Our parity bits will be: 4 XOR 7 XOR 8 XOR 9 XOR 11 XOR 13 XOR 15 = 11 or 1011 in binary. If that bits was really a hamming code, then that code has error at bit number 11.
Here all this as a "matrix"
| Position | 1 | 2 | 3 | 4 | 5 | 6 | 7 | 8 | 9 | 10 | 11 | 12 | 13 | 14 | 15 | |
|---|---|---|---|---|---|---|---|---|---|---|---|---|---|---|---|---|
| Check result | Code bits | 0 | 0 | 0 | 1 | 0 | 0 | 1 | 1 | 1 | 0 | 1 | 0 | 1 | 0 | 1 |
| 1 | X | X | X | X | X | X | X | X | ||||||||
| 1 | X | X | X | X | X | X | X | X | ||||||||
| 0 | X | X | X | X | X | X | X | X | ||||||||
| 1 | X | X | X | X | X | X | X | X |
Now lets change this code in such a way so its parity bits well tell us what failure was at position 5 (0101 in binary). This is data bits we want to embed.
Because XOR operation is very funny we just need to do 11 XOR 5. This equals to 14. And if we now flip bit at position 14 our parity check will yield 5. Lets check that.
Now our code is 000100111010111. "Set" bits are 4, 7, 8, 9, 11, 13, 14 and 15. XOR em up: 4 XOR 7 XOR 8 XOR 9 XOR 11 XOR 13 XOR 14 XOR 15 = 5
Bingo! We just embedded 4 bits by changing only one!
Now lets go back to our capacity problem. In our FullHD image we can change 5184 bits. In other words this is number of hamming codes we can have in our LSB plane. Totally we have 1920x1080x3 = 6220800 bits. Thus we can have up to 1200 bits in our codes. Nearest usable value of m is 10. Because 2^10-1 = 1023 and 2^11-1 = 2047.
10 bits instead of 2! 51840 bits (or 6480 bytes) of data can be embedded.
Actually there is another way to trick all that tests. Instead of flipping LSB we can randomly do +1 and -1. There are two edge cases: we can't decrease 0 (so we always increase it) and we can't increase 255 (so we always decrease it). For all other cases we just randomly (yes, absolutely randomly) increase or decrease value of whole color component LSB of which we want to change. This is called ±1 encoding.
For LSB this gives same effect as bit flip and you will be using same extraction logic to get your data back. If you take a look on LSB plane of image where this encoding was used, there will be no difference with simple bit flipping.
Flipping one bit is just one bit. But in case of ±1 encoding the whole component now also changes. And changes randomly. And in some extreme cases this is very huge change. For example, if we want to flip LSB of 127 (01111111 in binary) and randomly decided to increase that byte, the resulting value will be 128 (10000000 in binary). We changed all bits in a byte!
So what's the deal?
LSB steganography in lossless images are old enough and thus very well studied. This method is very simple and actually quite destructive. So there exists many accurate attacks and you just can't simply embed one kilobyte of data into FullHD wallpaper and be safe.
But the problem here is what many of this attacks (if not all) use correlations between LSB and all other bits of color components. Remember how often LSB plane reveals actual image?
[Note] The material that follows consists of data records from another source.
lemma positive_sqrt_unique:
  fixes Q Q' :: "'a::chilbert_space \<Rightarrow> 'a"
  assumes Q: "positive_op Q" and Q': "positive_op Q'"
    and same_square: "\<And>x. Q (Q x) = Q' (Q' x)" and commute: "\<And>x. Q' (Q x) = Q (Q' x)"
  shows "Q = Q'"
proof
  fix x
  have LQ: "clinear_op Q" and LQ': "clinear_op Q'"
    using Q Q' positive_op_clinear by blast+
  have HQ: "hermitian_op Q" and HQ': "hermitian_op Q'"
    using Q Q' positive_op_hermitian by blast+
  have PQ: "nonneg_form Q" and PQ': "nonneg_form Q'"
    using Q Q' positive_op_nonneg_form by blast+
  obtain c where c: "c > 0" "\<And>x. norm (Q x) \<le> c * norm x"
    using Q bounded_op_bound unfolding positive_op_def by blast
  obtain c' where c': "c' > 0" "\<And>x. norm (Q' x) \<le> c' * norm x"
    using Q' bounded_op_bound unfolding positive_op_def by blast
  \<comment> \<open>\<open>(Q + Q') y = Q\<^sup>2 x - Q'\<^sup>2 x = 0\<close> for \<open>y = Q x - Q' x\<close>, so both forms vanish at y\<close>
  define y where "y = Q x - Q' x"
  have "Q y + Q' y = 0"
    unfolding y_def using commute[of x] same_square[of x]
    by (simp add: clinear_op_diff[OF LQ] clinear_op_diff[OF LQ'])
  then have "Re (cinner (Q y) y) + Re (cinner (Q' y) y) = 0"
    by (metis cinner_add_left cinner_zero_left plus_complex.sel(1) zero_complex.sel(1))
  moreover have "Re (cinner (Q y) y) \<ge> 0" "Re (cinner (Q' y) y) \<ge> 0"
    using PQ PQ' unfolding nonneg_form_def by auto
  ultimately have "Re (cinner (Q y) y) = 0" "Re (cinner (Q' y) y) = 0" by linarith+
  then have "Q y = 0" "Q' y = 0"
    using nonneg_form_norm_sq_le[OF LQ HQ PQ c(2) c(1), of y]
      nonneg_form_norm_sq_le[OF LQ' HQ' PQ' c'(2) c'(1), of y] by simp_all
  moreover have "cinner y y = cinner (Q y - Q' y) x"
    unfolding y_def using HQ HQ' unfolding hermitian_op_def by (simp add: cinner_diff_left cinner_diff_right)
  ultimately show "Q x = Q' x" by (simp add: cinner_self_eq_0_iff y_def)
qed

lemma
  fixes A :: "'a::chilbert_space \<Rightarrow> 'a"
  assumes A: "positive_op A"
  shows positive_op_sqrt: "positive_op (op_sqrt A)"
    and op_sqrt_square: "op_sqrt A (op_sqrt A x) = A x"
proof -
  obtain Q where Q: "positive_op Q" "\<And>x. Q (Q x) = A x"
    and comm: "\<And>W x. bounded_op W \<Longrightarrow> (\<And>x. W (A x) = A (W x)) \<Longrightarrow> W (Q x) = Q (W x)"
    using positive_sqrt_exists[OF A] by blast
  have "op_sqrt A = Q" unfolding op_sqrt_def
  proof (rule the_equality)
    show "positive_op Q \<and> Q \<circ> Q = A" using Q by auto
  next
    fix R assume R: "positive_op R \<and> R \<circ> R = A"
    then have PR: "positive_op R" and RR: "\<And>x. R (R x) = A x" by (auto simp: fun_eq_iff)
    have RA: "R (A x) = A (R x)" for x by (simp only: RR[symmetric])
    have "R (Q x) = Q (R x)" for x
      using PR unfolding positive_op_def by (intro comm RA) blast
    then show "R = Q"
      by (intro positive_sqrt_unique[OF PR Q(1)]) (simp_all add: RR Q(2))
  qed
  then show "positive_op (op_sqrt A)" "op_sqrt A (op_sqrt A x) = A x" using Q by auto
qed
lemma dilation_monomial_distr:
  fixes a :: "real^'n::finite"
  assumes a: "\<forall>i. a$i \<noteq> 0"
  shows "dilation a (monomial_distr \<alpha>) = (\<lambda>\<phi>. of_real (\<Prod>i\<in>UNIV. a$i ^ \<alpha> i) * monomial_distr \<alpha> \<phi>)"
proof
  fix \<phi> :: "'n testfun"
  let ?m = "\<lambda>x. complex_of_real (real_monomial \<alpha> x)"
  show "dilation a (monomial_distr \<alpha>) \<phi> = of_real (\<Prod>i\<in>UNIV. a$i ^ \<alpha> i) * monomial_distr \<alpha> \<phi>"
  proof (cases "test_fun \<phi>")
    case False
    then show ?thesis using test_fun_dilate_test_iff[OF a] by (simp add: dilation_eq monomial_distr_eq)
  next
    case True
    have "continuous_on UNIV (\<lambda>x. ?m x * dilate_test a \<phi> x)"
      using True a
      by (intro continuous_on_mult continuous_on_real_monomial continuous_on_test_fun)
        (simp add: test_fun_dilate_test_iff)
    then have "(LINT x|lborel. ?m x * dilate_test a \<phi> x)
        = (\<Prod>i\<in>UNIV. \<bar>a$i\<bar>) *\<^sub>R (LINT y|lborel. ?m (vec_mul a y) * dilate_test a \<phi> (vec_mul a y))"
      using a by (intro integral_lborel_vec_mul borel_measurable_continuous_onI)
    also have "\<dots> = (\<Prod>i\<in>UNIV. \<bar>a$i\<bar>) *\<^sub>R
        (LINT y|lborel. (dilation_const a * of_real (\<Prod>i\<in>UNIV. a$i ^ \<alpha> i)) * (?m y * \<phi> y))"
      using a by (simp add: dilate_test_def real_monomial_vec_mul vec_mul_inverse mult_ac)
    also have "\<dots> = ((\<Prod>i\<in>UNIV. \<bar>a$i\<bar>) *\<^sub>R dilation_const a)
        * of_real (\<Prod>i\<in>UNIV. a$i ^ \<alpha> i) * (LINT y|lborel. ?m y * \<phi> y)"
      by (simp only: integral_mult_right_zero) (simp add: scaleR_conv_of_real mult_ac)
    finally show ?thesis
      using True a by (simp add: dilation_eq monomial_distr_eq test_fun_dilate_test_iff
          abs_prod_mult_dilation_const)
  qed
qed

section \<open>Polynomial distributions\<close>

inductive poly_distr :: "('n::finite) distr \<Rightarrow> bool" where
  poly_distr_zero: "poly_distr (\<lambda>\<phi>. 0)"
| poly_distr_add_monomial: "poly_distr Q \<Longrightarrow> poly_distr (\<lambda>\<phi>. Q \<phi> + c * monomial_distr \<alpha> \<phi>)"

lemma distribution_poly_distr: "poly_distr Q \<Longrightarrow> distribution Q"
  by (induction rule: poly_distr.induct)
    (auto intro!: distribution_add distribution_cmult distribution_zero distribution_monomial_distr)

lemma poly_distr_add: "poly_distr R \<Longrightarrow> poly_distr Q \<Longrightarrow> poly_distr (\<lambda>\<phi>. Q \<phi> + R \<phi>)"
proof (induction rule: poly_distr.induct)
  case (poly_distr_add_monomial R c \<alpha>)
  then have "poly_distr (\<lambda>\<phi>. (Q \<phi> + R \<phi>) + c * monomial_distr \<alpha> \<phi>)"
    by (intro poly_distr.poly_distr_add_monomial)
  then show ?case by (simp add: add.assoc)
qed simp

lemma poly_distr_cmult: "poly_distr Q \<Longrightarrow> poly_distr (\<lambda>\<phi>. c * Q \<phi>)"
proof (induction rule: poly_distr.induct)
  case (poly_distr_add_monomial Q d \<alpha>)
  then have "poly_distr (\<lambda>\<phi>. c * Q \<phi> + (c * d) * monomial_distr \<alpha> \<phi>)"
    by (intro poly_distr.poly_distr_add_monomial)
  then show ?case by (simp add: algebra_simps)
qed (simp add: poly_distr_zero)

lemma poly_distr_monomial_distr: "poly_distr (monomial_distr \<alpha>)"
  using poly_distr_add_monomial[OF poly_distr_zero, of 1 \<alpha>] by simp

lemma M_class_linear:
  assumes "L \<in> M_class" "distribution T" "distribution S"
  shows "L (\<lambda>\<phi>. T \<phi> + c * S \<phi>) = (\<lambda>\<phi>. L T \<phi> + c * L S \<phi>)"
  using assms distribution_cmult[OF assms(3)]
  by (simp add: M_class_def cont_lin_op_def distributions_def)

lemma M_class_zero: "L \<in> M_class \<Longrightarrow> L (\<lambda>\<phi>. 0) = (\<lambda>\<phi>. 0)"
  using M_class_linear[OF _ distribution_zero distribution_zero, of L "-1"] by simp

lemma dilation_add_cmult:
  "dilation a (\<lambda>\<phi>. T \<phi> + c * S \<phi>) = (\<lambda>\<phi>. dilation a T \<phi> + c * dilation a S \<phi>)"
  by (simp add: dilation_def)

lemma dilation_cmult: "dilation a (\<lambda>\<phi>. c * T \<phi>) = (\<lambda>\<phi>. c * dilation a T \<phi>)"
  by (simp add: dilation_def)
That's it.
I've tried that fancy method of finding size of the embedded message and it fails on ±1 encoding. Even if I use ALL available space it still shows numbers just like image is clean. Chi-squared test also fails. Clean image shows 1.5% usage. And fully embedded 1.75%.
Unfortunately I don't have much reliable info about detection of ±1 encoding. For example, this work http://www.cipr.rpi.edu/~pearlman/papers/harmsEI03.pdf describes method of very good detection of stegoimages with data occupying all available space. There seems exists some research on this coding and also looks like detection of 25% payload is also possible.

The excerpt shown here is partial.